Supplied records.
text \<open>The squares and the elements \<open>\<epsilon>b\<^sup>2 - 1\<close> each fill more than half of the residue field.\<close>
lemma exists_norm_congr_mod_p:
  "\<exists>a b. cj a = a \<and> cj b = b \<and> inP v 0 a \<and> inP v 0 b \<and> inP v 1 (a*a - s*s*(b*b) + 1)"
proof -
  obtain Q rep where Q: "residue_system Q rep" using exists_residue_system by blast
  then have Q_ints_F: "Q \<subseteq> ints_F" and rep: "\<And>a. a \<in> ints_F \<Longrightarrow> rep a \<in> Q \<and> inP v 1 (a - rep a)"
    unfolding residue_system_def by blast+
  have ss: "s*s \<in> ints_F" "s*s \<noteq> 0" "v (s*s) = 0" by (auto simp: ints_F_def inP_def v_mult)
  define f where "f a = rep (1*(a*a) + 0)" for a
  define g where "g b = rep (s*s*(b*b) + -1)" for b
  have "1*(a*a) + 0 \<in> ints_F" "s*s*(a*a) + -1 \<in> ints_F" if "a \<in> Q" for a
    using subsetD[OF Q_ints_F that] by (simp_all add: ints_F_closed ss(1))
  note args_ints_F = this
  have cf: "card Q + 1 \<le> 2 * card (f ` Q)"
    unfolding f_def by (rule residue_system_card_quadratic[OF Q]) (auto simp: ints_F_def)
  have cg: "card Q + 1 \<le> 2 * card (g ` Q)"
    unfolding g_def by (rule residue_system_card_quadratic[OF Q ss]) (auto simp: ints_F_def)
  have images: "f ` Q \<subseteq> Q" "g ` Q \<subseteq> Q" unfolding f_def g_def using rep args_ints_F by blast+
  have fin: "finite Q" using Q unfolding residue_system_def by blast
  have "f ` Q \<inter> g ` Q \<noteq> {}"
  proof
    assume "f ` Q \<inter> g ` Q = {}"
    then have "card (f ` Q) + card (g ` Q) = card (f ` Q \<union> g ` Q)"
      using fin by (simp add: card_Un_disjoint)
    also have "\<dots> \<le> card Q" using images fin by (simp add: card_mono)
    finally show False using cf cg by linarith
  qed
  then obtain a b where ab: "a \<in> Q" "b \<in> Q" "f a = g b" by blast
  have "inP v 1 ((1*(a*a) + 0 - f a) - (s*s*(b*b) + -1 - g b))"
    unfolding f_def g_def
    using inP_diff[OF rep[OF args_ints_F(1)[OF ab(1)], THEN conjunct2] rep[OF args_ints_F(2)[OF ab(2)], THEN conjunct2]]
    by blast
  then have "inP v 1 (a*a - s*s*(b*b) + 1)" using ab(3) by (simp add: algebra_simps)
  then show ?thesis using ab(1,2) Q_ints_F unfolding ints_F_def by blast
qed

Assignment. Would you set down every entry again, exactly?

Answer to the exercise.
text \<open>The squares and the elements \<open>\<epsilon>b\<^sup>2 - 1\<close> each fill more than half of the residue field.\<close>
lemma exists_norm_congr_mod_p:
  "\<exists>a b. cj a = a \<and> cj b = b \<and> inP v 0 a \<and> inP v 0 b \<and> inP v 1 (a*a - s*s*(b*b) + 1)"
proof -
  obtain Q rep where Q: "residue_system Q rep" using exists_residue_system by blast
  then have Q_ints_F: "Q \<subseteq> ints_F" and rep: "\<And>a. a \<in> ints_F \<Longrightarrow> rep a \<in> Q \<and> inP v 1 (a - rep a)"
    unfolding residue_system_def by blast+
  have ss: "s*s \<in> ints_F" "s*s \<noteq> 0" "v (s*s) = 0" by (auto simp: ints_F_def inP_def v_mult)
  define f where "f a = rep (1*(a*a) + 0)" for a
  define g where "g b = rep (s*s*(b*b) + -1)" for b
  have "1*(a*a) + 0 \<in> ints_F" "s*s*(a*a) + -1 \<in> ints_F" if "a \<in> Q" for a
    using subsetD[OF Q_ints_F that] by (simp_all add: ints_F_closed ss(1))
  note args_ints_F = this
  have cf: "card Q + 1 \<le> 2 * card (f ` Q)"
    unfolding f_def by (rule residue_system_card_quadratic[OF Q]) (auto simp: ints_F_def)
  have cg: "card Q + 1 \<le> 2 * card (g ` Q)"
    unfolding g_def by (rule residue_system_card_quadratic[OF Q ss]) (auto simp: ints_F_def)
  have images: "f ` Q \<subseteq> Q" "g ` Q \<subseteq> Q" unfolding f_def g_def using rep args_ints_F by blast+
  have fin: "finite Q" using Q unfolding residue_system_def by blast
  have "f ` Q \<inter> g ` Q \<noteq> {}"
  proof
    assume "f ` Q \<inter> g ` Q = {}"
    then have "card (f ` Q) + card (g ` Q) = card (f ` Q \<union> g ` Q)"
      using fin by (simp add: card_Un_disjoint)
    also have "\<dots> \<le> card Q" using images fin by (simp add: card_mono)
    finally show False using cf cg by linarith
  qed
  then obtain a b where ab: "a \<in> Q" "b \<in> Q" "f a = g b" by blast
  have "inP v 1 ((1*(a*a) + 0 - f a) - (s*s*(b*b) + -1 - g b))"
    unfolding f_def g_def
    using inP_diff[OF rep[OF args_ints_F(1)[OF ab(1)], THEN conjunct2] rep[OF args_ints_F(2)[OF ab(2)], THEN conjunct2]]
    by blast
  then have "inP v 1 (a*a - s*s*(b*b) + 1)" using ab(3) by (simp add: algebra_simps)
  then show ?thesis using ab(1,2) Q_ints_F unfolding ints_F_def by blast
qed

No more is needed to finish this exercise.